Grace Hartigan. Red Bowl. 1953. The Baltimore Museum of Art: Gift of Herman Jervis, New York, in Memory of Dorothy B. Jervis. © The Baltimore Museum of Art / Estate of Grace Hartigan
Grace Hartigan. Red Bowl. 1953. The Baltimore Museum of Art: Gift of Herman Jervis, New York, in Memory of Dorothy B. Jervis. © The Baltimore Museum of Art / Estate of Grace Hartigan

BALTIMORE, MD (September 5, 2019)—The Baltimore Museum of Art (BMA) today announced the first exhibition of its year-long 2020 Vision initiative to celebrate female-identifying artists. By Their Creative Force: American Women Modernists features nearly 20 works by artists such as Elizabeth Catlett, Maria Martinez, and Georgia O’Keeffe to recognize the innovative contributions women artists have made to the development of American modernism. The exhibition is on view October 6, 2019–July 5, 2020.

“This exhibition presents a survey of women artists from a variety of geographic regions and socioeconomic backgrounds to tell a more inclusive story of American modernism,” said Christopher Bedford, BMA Dorothy Wagner Wallis Director. “It also demonstrates the BMA’s long history of acquiring works by women artists and our commitment to showcasing accomplished artists from this community, both efforts the museum is amplifying in 2020 and beyond.”

Among the exhibition highlights are Pink Tulip (1926) and Waterfall I (1952) by Georgia O’Keeffe, one of the most successful American modernists, best known for her boldly innovative renderings of flowers, landscapes, and cityscapes. Elizabeth Catlett’s print Domestic Worker (1946) shows the artist working to promote social change. Catlett was banned from the U.S. during the McCarthy era and lived and worked in Mexico. Grace Hartigan’s Red Bowl (1953) is a blend of figuration and abstraction that was initially exhibited by the artist under the pseudonym George Hartigan to avoid discrimination she might face as a woman. After 1955, she began exhibiting under her real name and in 1965 she became director of the Hoffberger School of Painting at the Maryland Institute College of Art.

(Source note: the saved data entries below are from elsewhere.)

lemma toeplitz_in_lt_toeplitz [simp]: "toeplitz \<tau> \<in> lt_toeplitz"
  by (simp add: lt_toeplitz_eq_range)

lemma toeplitz_cong:
  assumes "\<And>k. k < CARD('n) \<Longrightarrow> \<tau> k = \<sigma> k"
  shows "(toeplitz \<tau> :: 'n::{finite,linorder} cmat) = toeplitz \<sigma>"
proof -
  have "idx i - idx j < CARD('n)" for i j :: 'n
    using idx_less_card[of i] by linarith
  then show ?thesis using assms by (simp add: toeplitz_nth vec_eq_iff)
qed

lemma toeplitz_add: "toeplitz \<tau> + toeplitz \<sigma> = toeplitz (\<lambda>k. \<tau> k + \<sigma> k)"
  by (simp add: toeplitz_nth vec_eq_iff)

lemma cscale_toeplitz: "cscale c (toeplitz \<tau>) = toeplitz (\<lambda>k. c * \<tau> k)"
  by (simp add: toeplitz_nth vec_eq_iff)

lemma sum_cscale_toeplitz:
  "(\<Sum>k\<in>K. cscale (c k) (toeplitz (\<tau> k))) = toeplitz (\<lambda>d. \<Sum>k\<in>K. c k * \<tau> k d)"
  by (induction K rule: infinite_finite_induct)
    (simp_all add: toeplitz_nth vec_eq_iff distrib_left)

lemma mat_1_eq_toeplitz: "mat 1 = toeplitz (\<lambda>k. of_bool (k = 0))"
  by (auto simp: toeplitz_nth mat_def vec_eq_iff)

lemma lt_toeplitz_add: "a \<in> lt_toeplitz \<Longrightarrow> b \<in> lt_toeplitz \<Longrightarrow> a + b \<in> lt_toeplitz"
  by (auto simp: lt_toeplitz_eq_range toeplitz_add)

lemma lt_toeplitz_cscale: "a \<in> lt_toeplitz \<Longrightarrow> cscale c a \<in> lt_toeplitz"
  by (auto simp: lt_toeplitz_eq_range cscale_toeplitz)

lemma zero_in_lt_toeplitz: "0 \<in> lt_toeplitz"
proof -
  have "(0 :: 'n::{finite,linorder} cmat) = toeplitz (\<lambda>_. 0)" by (simp add: toeplitz_nth vec_eq_iff)
  then show ?thesis by (metis toeplitz_in_lt_toeplitz)
qed

lemma lt_toeplitz_sum: "(\<And>k. k \<in> K \<Longrightarrow> a k \<in> lt_toeplitz) \<Longrightarrow> (\<Sum>k\<in>K. a k) \<in> lt_toeplitz"
  by (induction K rule: infinite_finite_induct) (simp_all add: zero_in_lt_toeplitz lt_toeplitz_add)

lemma mat_1_in_lt_toeplitz: "mat 1 \<in> lt_toeplitz"
  by (simp add: mat_1_eq_toeplitz)

definition shift_pow :: "nat \<Rightarrow> 'n::{finite,linorder} cmat" where
  "shift_pow d = toeplitz (\<lambda>k. of_bool (k = d))"

lemma shift_pow_in_lt_toeplitz [simp]: "shift_pow d \<in> lt_toeplitz"
  by (simp add: shift_pow_def)

lemma shift_pow_nth: "shift_pow d $ i $ j = of_bool (idx i = idx j + d)"
  by (auto simp: shift_pow_def toeplitz_nth)

lemma shift_pow_0: "shift_pow 0 = mat 1"
  by (simp add: shift_pow_def mat_1_eq_toeplitz)

lemma shift_pow_eq_0:
  assumes "CARD('n) \<le> d"
  shows "(shift_pow d :: 'n::{finite,linorder} cmat) = 0"
proof -
  from assms have "(shift_pow d :: 'n cmat) = toeplitz (\<lambda>_. 0)"
    unfolding shift_pow_def by (intro toeplitz_cong) auto
  then show ?thesis by (simp add: toeplitz_nth vec_eq_iff)
qed

lemma toeplitz_eq_sum_shift_pow:
  "(toeplitz \<tau> :: 'n::{finite,linorder} cmat) = (\<Sum>d<CARD('n). cscale (\<tau> d) (shift_pow d))"
  unfolding shift_pow_def sum_cscale_toeplitz
  by (intro toeplitz_cong) (simp add: of_bool_def if_distrib cong: if_cong)
(* Let $T$ be a bounded operator on $C([0,\omega_1])$ such that $T\neq\widetilde{P}_\sigma T\widetilde{P}_\sigma$ for every countable ordinal $\sigma$. Then there is $\epsilon>0$ such that for each countable ordinal $\xi$ there exists $f\in C([0,\omega_1])$ with $\operatorname{supp}(f)\subseteq(\xi,\omega_1)$, $\|f\|\le1$ and $\|Tf\|\ge\epsilon$.
   Context: $\omega_1$ is the first uncountable ordinal; $[0,\omega_1]$ has the order topology and $C([0,\omega_1])$ is the Banach space of continuous scalar-valued functions with sup norm. $\operatorname{supp}(f)=\{k: f(k)\neq0\}$. For a countable ordinal $\sigma$, $\widetilde{P}_\sigma f=f\cdot\mathbf{1}_{[0,\sigma]}+f(\omega_1)\mathbf{1}_{[\sigma+1,\omega_1]}$. *)

theory Defs
  imports "HOL-Analysis.Analysis"
begin

text \<open>Model of the ordinal interval [0,omega_1]: a well-ordered type (with its order
topology) having a greatest element omega_1, which is uncountable, and in which every
element other than the greatest one has only countably many predecessors. Any such type
is order-isomorphic to [0,omega_1]; the elements below the greatest one are exactly
the countable ordinals.\<close>

definition omega1_interval :: "'a::{wellorder,linorder_topology} itself \<Rightarrow> bool" where
  "omega1_interval _ \<longleftrightarrow>
     (\<exists>t::'a. \<forall>x. x \<le> t) \<and>
     uncountable (UNIV :: 'a set) \<and>
     (\<forall>x::'a. (\<exists>y. x < y) \<longrightarrow> countable {..x})"

definition om1 :: "'a::wellorder" where
  "om1 = (GREATEST x. True)"

definition Cspace :: "('a::topological_space \<Rightarrow> 'k::real_normed_field) set" where
  "Cspace = {f. continuous_on UNIV f}"

definition supnorm :: "('a \<Rightarrow> 'k::real_normed_field) \<Rightarrow> real" where
  "supnorm f = (SUP x. norm (f x))"

definition supp :: "('a \<Rightarrow> 'k::zero) \<Rightarrow> 'a set" where
  "supp f = {k. f k \<noteq> 0}"

definition bounded_op :: "(('a::topological_space \<Rightarrow> 'k::real_normed_field) \<Rightarrow> ('a \<Rightarrow> 'k)) \<Rightarrow> bool" where
  "bounded_op T \<longleftrightarrow>
     (\<forall>f\<in>Cspace. T f \<in> Cspace) \<and>
     (\<forall>f\<in>Cspace. \<forall>g\<in>Cspace. T (\<lambda>x. f x + g x) = (\<lambda>x. T f x + T g x)) \<and>
     (\<forall>c. \<forall>f\<in>Cspace. T (\<lambda>x. c * f x) = (\<lambda>x. c * T f x)) \<and>
     (\<exists>K. \<forall>f\<in>Cspace. supnorm (T f) \<le> K * supnorm f)"

definition Ptil :: "'a::wellorder \<Rightarrow> ('a \<Rightarrow> 'k::zero) \<Rightarrow> ('a \<Rightarrow> 'k)" where
  "Ptil \<sigma> f = (\<lambda>k. if k \<le> \<sigma> then f k else f om1)"

end

theory Submission
  imports Defs
begin

text \<open>Suppose the conclusion fails. Then there is a single countable \<xi> beyond which T
annihilates every function supported in (\<xi>,om1), so T f only depends on Ptil \<xi> f.
Functions constant on (\<xi>,om1] are uniform limits of combinations of the countably many
indicators of [0,b] with b \<le> \<xi> or b = om1. The image under T of each indicator is
continuous, hence constant beyond some countable ordinal, and by boundedness of T a common
countable bound \<tau> of these ordinals works for all such functions. For
\<sigma> = max \<xi> \<tau> this gives T = Ptil \<sigma> T Ptil \<sigma>.\<close>

lemma le_zero_if_less_inverse_Suc:
  fixes a :: real
  assumes "\<And>n::nat. a < inverse (real (Suc n))"
  shows "a \<le> 0"
  using assms reals_Archimedean[of a] by (meson less_asym not_le)

lemma open_atMost_wellorder: "open {..b::'a::{wellorder,linorder_topology}}"
proof (cases "\<exists>c. b < c")
  case True
  define c where "c = (LEAST c. b < c)"
  have "{..b} = {..<c}"
    using LeastI_ex[OF True] not_less_Least by (fastforce simp: c_def not_less)
  then show ?thesis by simp
next
  case False
  then have "{..b} = UNIV" by (auto simp: not_less)
  then show ?thesis by simp
qed

lemma continuous_on_if_le:
  fixes \<beta> :: "'a::{wellorder,linorder_topology}"
  assumes "continuous_on UNIV f" and "continuous_on UNIV g"
  shows "continuous_on UNIV (\<lambda>x. if x \<le> \<beta> then f x else g x)"
proof -
  have split: "UNIV = {..\<beta>} \<union> {\<beta><..}" by auto
  have "continuous_on ({..\<beta>} \<union> {\<beta><..}) (\<lambda>x. if x \<le> \<beta> then f x else g x)"
    using open_atMost_wellorder assms
    by (intro continuous_on_cases_local_open) (auto simp flip: split intro: continuous_on_subset)
  then show ?thesis by (simp flip: split)
qed

lemma om1_greatest:
  assumes "omega1_interval TYPE('a::{wellorder,linorder_topology})"
  shows "(x::'a) \<le> om1"
proof -
  from assms obtain t :: 'a where t: "\<forall>x. x \<le> t" unfolding omega1_interval_def by blast
  then have "om1 = t" unfolding om1_def by (intro Greatest_equality) auto
  with t show ?thesis by simp
qed

lemma countable_below_om1_bounded:
  assumes "omega1_interval TYPE('a::{wellorder,linorder_topology})"
    and "countable A" and "\<forall>a\<in>A. (a::'a) < om1"
  shows "\<exists>b<om1. \<forall>a\<in>A. a < b"
proof -
  have "countable ((\<Union>a\<in>A. {..a}) \<union> {om1::'a})"
    using assms unfolding omega1_interval_def by (auto intro!: countable_UN)
  moreover have "uncountable (UNIV :: 'a set)"
    using assms(1) unfolding omega1_interval_def by simp
  ultimately obtain b where b: "b \<notin> (\<Union>a\<in>A. {..a}) \<union> {om1}"
    by (metis UNIV_eq_I countable_subset subset_UNIV)
  then have "b < om1" using om1_greatest[OF assms(1), of b] by auto
  with b show ?thesis by (auto simp: not_le)
qed

inductive_set step_fun :: "'a::wellorder set \<Rightarrow> ('a \<Rightarrow> 'k::real_normed_field) set"
  for A where
  zero: "(\<lambda>x. 0) \<in> step_fun A"
| step: "h \<in> step_fun A \<Longrightarrow> b \<in> A \<Longrightarrow> (\<lambda>x. h x + c * (if x \<le> b then 1 else 0)) \<in> step_fun A"

lemma step_fun_mono: "h \<in> step_fun A \<Longrightarrow> A \<subseteq> B \<Longrightarrow> h \<in> step_fun B"
  by (induction rule: step_fun.induct) (auto intro: step_fun.intros)

lemma step_fun_vanishes_above: "h \<in> step_fun A \<Longrightarrow> \<forall>a\<in>A. a < y \<Longrightarrow> h y = 0"
  by (induction rule: step_fun.induct) auto

lemma step_fun_bounded: "h \<in> step_fun A \<Longrightarrow> \<exists>M. \<forall>x. norm (h x) \<le> M"
proof (induction rule: step_fun.induct)
  case zero
  then show ?case by auto
next
  case (step h b c)
  then obtain M where M: "\<forall>x. norm (h x) \<le> M" by blast
  have "norm (h x + c * (if x \<le> b then 1 else 0)) \<le> norm (h x) + norm c" for x
    by (rule order.trans[OF norm_triangle_ineq]) (simp add: norm_mult)
  then have "\<forall>x. norm (h x + c * (if x \<le> b then 1 else 0)) \<le> M + norm c"
    using M by (meson add_right_mono order.trans)
  then show ?case by blast
qed

lemma step_fun_continuous:
  fixes h :: "'a::{wellorder,linorder_topology} \<Rightarrow> 'k::real_normed_field"
  shows "h \<in> step_fun A \<Longrightarrow> continuous_on UNIV h"
  by (induction rule: step_fun.induct)
     (auto intro!: continuous_on_add continuous_on_mult_left continuous_on_if_le)
lemma additive_mult_x_pow: "additive (mult_x p q ^^ n)"
  by (rule additive_funpow[OF additive_mult_x])

lemma str_val_append:
  "str_val p q (u @ w) = str_val p q u + (mult_x p q ^^ length u) (str_val p q w)"
  using additive.add[OF additive_mult_x] by (induction u) simp_all

lemma str_val_append_diff:
  "str_val p q (u @ v) - str_val p q (u @ w) =
     (mult_x p q ^^ length u) (str_val p q v - str_val p q w)"
  by (simp add: str_val_append additive.diff[OF additive_mult_x_pow])

lemma tequiv_str_val: "tequiv p q (strpoly w) [:snd (str_val p q w), fst (str_val p q w):]"
proof (induction w)
  case Nil
  then show ?case by (simp add: tequiv_def strpoly_def)
next
  case (Cons a w)
  obtain g1 g0 where g: "str_val p q w = (g1, g0)" by (cases "str_val p q w")
  from Cons obtain k where k: "Poly w - [:g0, g1:] = tpoly p q * k"
    by (auto simp: tequiv_def g dvd_def strpoly_def)
  have "Poly (a # w) - [:q * g1 + a, g0 - p * g1:]
      = pCons 0 (Poly w - [:g0, g1:]) + smult g1 (tpoly p q)"
    by (simp add: tpoly_def algebra_simps)
  also have "\<dots> = tpoly p q * (pCons 0 k + [:g1:])"
    by (simp add: k algebra_simps)
  finally have "tpoly p q dvd Poly (a # w) - [:q * g1 + a, g0 - p * g1:]" ..
  then show ?case by (simp add: tequiv_def strpoly_def g mult_x_def)
qed

lemma tpoly_dvd_linear_iff: "tpoly p q dvd [:c, d:] \<longleftrightarrow> c = 0 \<and> d = 0"
proof
  assume dvd: "tpoly p q dvd [:c, d:]"
  show "c = 0 \<and> d = 0"
  proof (rule ccontr)
    assume "\<not> (c = 0 \<and> d = 0)"
    then have "degree (tpoly p q) \<le> degree [:c, d:]"
      using dvd by (intro dvd_imp_degree_le) auto
    then show False by (simp add: tpoly_def split: if_splits)
  qed
qed simp

lemma tequiv_str_val_iff: "tequiv p q (strpoly w) [:b, a:] \<longleftrightarrow> str_val p q w = (a, b)"
proof -
  obtain a' b' where v: "str_val p q w = (a', b')" by (cases "str_val p q w")
  have "tpoly p q dvd strpoly w - [:b', a':]"
    using tequiv_str_val[of p q w] by (simp add: tequiv_def v)
  moreover have "strpoly w - [:b, a:] = (strpoly w - [:b', a':]) + [:b' - b, a' - a:]"
    by simp
  ultimately have "tequiv p q (strpoly w) [:b, a:] \<longleftrightarrow> tpoly p q dvd [:b' - b, a' - a:]"
    unfolding tequiv_def by (simp only: dvd_add_right_iff)
  then show ?thesis by (auto simp: tpoly_dvd_linear_iff v)
qed

lemma psi_eq_str_val: "psi p q w = str_val p q w"
  unfolding psi_def tequiv_str_val_iff by simp

lemma str_equiv_iff: "str_equiv p q v w \<longleftrightarrow> str_val p q v = str_val p q w"
proof -
  let ?L = "\<lambda>h. [:snd h, fst h:]"
  have "tpoly p q dvd strpoly w - ?L (str_val p q w)"
    using tequiv_str_val by (simp add: tequiv_def)
  moreover have "strpoly v - ?L (str_val p q w) =
      (strpoly v - strpoly w) + (strpoly w - ?L (str_val p q w))"
    by simp
  ultimately have "str_equiv p q v w \<longleftrightarrow> tequiv p q (strpoly v) (?L (str_val p q w))"
    unfolding str_equiv_def tequiv_def by (simp only: dvd_add_left_iff)
  then show ?thesis by (simp add: tequiv_str_val_iff)
qed

text \<open>The extra unit for \<open>snd h = 0\<close> pays for the expansion step from \<open>(h1, 0)\<close> to
  \<open>(0, h1)\<close>, which does not shrink the coordinates.\<close>

definition expansion_weight :: "int \<times> int \<Rightarrow> nat" where
  "expansion_weight h = nat (2 * (\<bar>fst h\<bar> + \<bar>snd h\<bar>) + of_bool (snd h = 0))"

lemma abs_mult_sdiv_le: "\<bar>b\<bar> * \<bar>a sdiv b\<bar> \<le> \<bar>a\<bar>" for a b :: int
proof -
  have "\<bar>a sdiv b\<bar> \<le> \<bar>a\<bar> div \<bar>b\<bar>"
    by (simp add: signed_divide_int_def abs_mult abs_sgn_eq pos_imp_zdiv_nonneg_iff)
  then have "\<bar>b\<bar> * \<bar>a sdiv b\<bar> \<le> \<bar>b\<bar> * (\<bar>a\<bar> div \<bar>b\<bar>)"
    by (simp add: mult_left_mono)
  also have "\<dots> \<le> \<bar>a\<bar>"
    by (cases "b = 0") (simp_all add: minus_mod_eq_mult_div[symmetric])
  finally show ?thesis .
qed

lemma digit_expansion_step:
  assumes pq: "1 + \<bar>p\<bar> < \<bar>q\<bar>" and h: "h \<noteq> 0"
  obtains g a where "a \<in> digits q" "mult_x p q g + (0, a) = h"
    "expansion_weight g < expansion_weight h"
proof -
  obtain h1 h2 where h12: "h = (h1, h2)" by (cases h)
  \<comment> \<open>Division rounding towards zero gives \<open>|g1| \<le> |h2| / |q|\<close>.\<close>
  define g1 where "g1 = h2 sdiv q"
  define g0 where "g0 = h1 + p * g1"
  have q0: "q \<noteq> 0" using pq by auto
  have digit: "h2 smod q \<in> digits q"
    using smod_int_range[OF q0, of h2] by (simp add: digits_def)
  have expansion: "mult_x p q (g1, g0) + (0, h2 smod q) = h"
    using mult_sdiv_smod_eq[of q h2] by (simp add: mult_x_def h12 g0_def g1_def)
  have "expansion_weight (g1, g0) < expansion_weight (h1, h2)"
  proof (cases "g1 = 0")
    case True
    then have "g0 = h1" by (simp add: g0_def)
    moreover have "(h1, h2) \<noteq> (0, 0)" using h h12 by (simp add: zero_prod_def)
    ultimately show ?thesis
      unfolding expansion_weight_def True by (cases "h2 = 0") auto
  next
    case False
    have "\<bar>g0\<bar> \<le> \<bar>h1\<bar> + \<bar>p\<bar> * \<bar>g1\<bar>"
      unfolding g0_def by (metis abs_mult abs_triangle_ineq)
    moreover have "\<bar>g1\<bar> + \<bar>p\<bar> * \<bar>g1\<bar> < \<bar>q\<bar> * \<bar>g1\<bar>"
      using mult_strict_right_mono[OF pq, of "\<bar>g1\<bar>"] False by (simp add: distrib_right)
    moreover have "\<bar>q\<bar> * \<bar>g1\<bar> \<le> \<bar>h2\<bar>"
      unfolding g1_def by (rule abs_mult_sdiv_le)
    ultimately have "\<bar>g1\<bar> + \<bar>g0\<bar> < \<bar>h1\<bar> + \<bar>h2\<bar>" by linarith
    then show ?thesis
      unfolding expansion_weight_def fst_conv snd_conv using nat_less_eq_zless by force
  qed
  with digit expansion show ?thesis using that unfolding h12 by blast
qed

The accomplishments made by many of the historically less-recognized women artists in By Their Creative Force are also acknowledged here. Marguerite Zorach was one of the few American women artists whose work was included in the groundbreaking 1913 Armory Show. Maria Finkelstein exhibited at the Paris Salon in 1928 and 1930. Gertrude Greene was a founder of American Abstract Artists and helped establish the Unemployed Artists Group (later known as the Artists Union). Simone Brangier Boas was one of the founding members of the Sculptors’ Guild and her work was included in the 1939 World’s Fair American Art exhibition.

By Their Creative Force: American Women Modernists is part of the BMA’s year-long 2020 Vision initiative highlighting women artists and collectors, and includes works by Rebecca Salsbury James, Irene Rice Pereira, Florine Stettheimer, and Eva Zeisel, in addition to the artists previously mentioned. The exhibition is curated by Virginia Anderson, BMA Curator of American Art, and generously supported by the Sigmund M. and Mary B. Hyman Fund for American Art.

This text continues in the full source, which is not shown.